The war in the Middle East is impacting the cost of some mortgages in Canada. In recent weeks, three- and five-year fixed mortgage rates have surged by 0.5 percent, reflecting broader economic pressures. As of April 2, 2026, the average rate for a five-year fixed mortgage stands at 4.95 percent, while the average variable rate is at 4.2 percent.
This increase comes at a critical time, as approximately 1.4 million mortgages are set to be renewed by the end of the year, representing about 23 percent of all mortgages in Canada. With the Bank of Canada’s key interest rate currently at 2.25 percent, the landscape for borrowers is becoming increasingly challenging.
Marshall Tully, a mortgage expert, noted, “Unfortunately, it’s possible that trend could continue,” indicating that homeowners may need to brace for further increases.
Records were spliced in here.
lemma ksubsets_iff: "S \<in> ksubsets X k \<longleftrightarrow> S \<subseteq> X \<and> card S = k"
  by (simp add: ksubsets_def)

lemma finite_ksubsets: "finite X \<Longrightarrow> finite (ksubsets X k)"
  unfolding ksubsets_def by (rule finite_subset[of _ "Pow X"]) auto

lemma finite_ksubsets_member: "finite X \<Longrightarrow> S \<in> ksubsets X k \<Longrightarrow> finite S"
  unfolding ksubsets_def using finite_subset by blast

lemma card_ksubsets: "finite X \<Longrightarrow> card (ksubsets X k) = card X choose k"
  unfolding ksubsets_def by (rule n_subsets)

lemma self_le_binomial: "0 < k \<Longrightarrow> k < m \<Longrightarrow> m \<le> m choose k"
proof (induction m arbitrary: k)
  case (Suc m)
  then obtain k' where k: "k = Suc k'" by (cases k) auto
  show ?case
  proof (cases "k' = 0")
    case False
    hence "m \<le> m choose k'" using Suc k by simp
    moreover have "0 < m choose Suc k'" using Suc.prems k by simp
    moreover have "Suc m choose k = (m choose k') + (m choose Suc k')" using k by simp
    ultimately show ?thesis by linarith
  qed (use k in simp)
qed simp

lemma card_ksubsets_ge: "finite X \<Longrightarrow> 0 < k \<Longrightarrow> k < card X \<Longrightarrow> card X \<le> card (ksubsets X k)"
  using card_ksubsets self_le_binomial by metis

lemma obtain_subset_containing:
  assumes "finite T" "z \<in> T" "0 < a" "a \<le> card T"
  obtains S where "S \<subseteq> T" "z \<in> S" "card S = a"
proof -
  have "a - 1 \<le> card (T - {z})" using assms by simp
  then obtain U where U: "U \<subseteq> T - {z}" "card U = a - 1" "finite U"
    using obtain_subset_with_card_n by metis
  have "card (insert z U) = a" using U assms(3) by (simp add: subset_Diff_insert)
  thus ?thesis using that[of "insert z U"] U assms(2) by auto
qed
The lowest available five-year fixed mortgage rates for high-ratio mortgages are currently around 4.04% to 4.09%, which is a stark contrast to the rates secured by homeowners during the pandemic era, which ranged from 1.5% to 2%.
Benjamin Tal, another financial analyst, pointed to external factors, stating, “If you are upset that the five-year fixed mortgage rate you were hoping to get just went up, you can blame Trump for that.” This highlights the interconnectedness of global events and local economic conditions.
Moreover, the ongoing conflict in the Middle East has created volatility across global financial markets and driven energy prices higher, further complicating the situation for Canadian homeowners. As approximately 60% of all outstanding mortgages are expected to renew in 2025 or 2026, the implications of rising rates could be significant.
Financial advisor Moshe Lander emphasized the importance of early engagement with lenders, saying, “The biggest misconception is that banks are out to get you, but if you approach them early enough in the process, they will work with you to make sure you don’t have to fire-sell your home.” This advice may prove crucial for those facing renewal in the coming months.
Details remain unconfirmed regarding the exact impact of geopolitical tensions on future mortgage rates. The long-term effects of the war on the Canadian economy and mortgage rates remain uncertain, leaving many homeowners anxious about their financial futures.